Saturday, April 28, 2012

28 April 2012 Tennessee legislators and the American Taliban




          I experienced the Civil Rights movement of the 1950-60s.   While I was still in junior high and high school, I possessed enough awareness of what was morally right and wrong that it was readily apparent when civic and religious leaders were on the wrong side of right. 
          I’ve seen the governor of Mississippi stand in the door of a university to block access for a black student who had been admitted to study there.  I’ve seen nightly news broadcasts, which showed fire hoses and police dogs, used to force demonstrators from the streets of Birmingham Alabama.   I’ve seen the National Guard deployed to protect black students who were trying to attend a previously segregated high school in Little Rock Arkansas.
          Later, I lived in an Arkansas city that avoided desegregation by creating a “Christian Academy” open only to white students whose families could afford the tuition.  Black students were allowed to enroll in the formerly all-white hospital but the city schools stopped their bus service so that transportation became a problem for black students who lived in a remote and segregated section of town.  Black airmen at the Air Force base outside the town were unable to find housing in town. 
          I lived in a town in S.W. Missouri that had no black citizens.   When a black Post Mistress was appointed, she had to find housing in a Kansas town 20 miles away. 
          It has not been all that long that racial equality became a legally mandated set of laws and actions.  We still operate with one of two major political parties that is apoplectic that a black male is now POTUS.  The major protestant church in the nation was founded to maintain slavery as an economic system. 

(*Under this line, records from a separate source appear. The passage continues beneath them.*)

lemma sub_marginal_has_unit_density:
  fixes \<pi> :: "'c::topological_space measure" and p :: "'c \<Rightarrow> 'a::topological_space"
  assumes "finite_measure \<mu>" and s\<mu>: "sets \<mu> = sets borel" and s\<pi>: "sets \<pi> = sets borel"
    and p: "p \<in> borel_measurable borel"
    and dominated: "\<forall>A\<in>sets borel. emeasure \<pi> (p -` A) \<le> emeasure \<mu> A"
  obtains f where "f \<in> borel_measurable borel" and "\<And>x. 0 \<le> f x \<and> f x \<le> 1"
    and "\<forall>A\<in>sets borel. emeasure \<pi> (p -` A) = (\<integral>\<^sup>+x\<in>A. ennreal (f x) \<partial>\<mu>)"
proof -
  obtain f where f: "f \<in> borel_measurable \<mu>" "\<And>x. 0 \<le> f x \<and> f x \<le> 1"
    and density: "distr \<pi> borel p = density \<mu> (\<lambda>x. ennreal (f x))"
    using dominated_measure_has_unit_density[OF assms(1), of "distr \<pi> borel p"]
      s\<mu> dominated emeasure_distr_borel[OF s\<pi> p] by auto
  have "emeasure \<pi> (p -` A) = (\<integral>\<^sup>+x\<in>A. ennreal (f x) \<partial>\<mu>)" if "A \<in> sets borel" for A
    using that f s\<mu> by (simp add: emeasure_distr_borel[OF s\<pi> p, symmetric] density emeasure_density)
  then show thesis
    using that f by (simp add: measurable_cong_sets[OF s\<mu> refl])
qed

lemma (in finite_measure) integrable_unit_bounded:
  fixes f :: "'a \<Rightarrow> real"
  assumes "f \<in> borel_measurable M" and "\<And>x. 0 \<le> f x \<and> f x \<le> 1"
  shows "integrable M f"
  by (rule integrable_const_bound[where B=1]) (use assms in auto)

lemma (in prob_space) integral_abs_diff_one:
  fixes f :: "'a \<Rightarrow> real"
  assumes "f \<in> borel_measurable M" and "\<And>x. 0 \<le> f x \<and> f x \<le> 1"
  shows "(\<integral>x. \<bar>f x - 1\<bar> \<partial>M) = 1 - (\<integral>x. f x \<partial>M)"
proof -
  have "integrable M f" by (rule integrable_unit_bounded) fact+
  then have "(\<integral>x. 1 - f x \<partial>M) = 1 - (\<integral>x. f x \<partial>M)" by (simp add: prob_space)
  moreover have "(\<integral>x. \<bar>f x - 1\<bar> \<partial>M) = (\<integral>x. 1 - f x \<partial>M)"
    using assms(2) by (intro Bochner_Integration.integral_cong) auto
  ultimately show ?thesis by simp
qed

lemma (in finite_measure) nn_integral_eq_integral_unit_bounded:
  fixes f :: "'a \<Rightarrow> real"
  assumes "f \<in> borel_measurable M" and "\<And>x. 0 \<le> f x \<and> f x \<le> 1"
  shows "(\<integral>\<^sup>+x. ennreal (f x) \<partial>M) = ennreal (\<integral>x. f x \<partial>M)"
  by (rule nn_integral_eq_integral[OF integrable_unit_bounded[OF assms]]) (use assms(2) in auto)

          The current spate of hate-filled legislation coming out of Nashville is treating women as if they were now property rather than citizens.  The apparent goal is to return Tennessee to the pre-Civil War pattern of religious and civil laws and traditions that will cause it to be little more that an enclave of third world culture along with the other “red States.” 
          The time to stop this backward slide is now.  We all know better.  We all must work to force Tennessee into the 21st century.  There is a better choice for us.  Park Overall is standing for U.S. Senator.  If we can elect her and others like her, we can prevent s 2nd Scope Trial.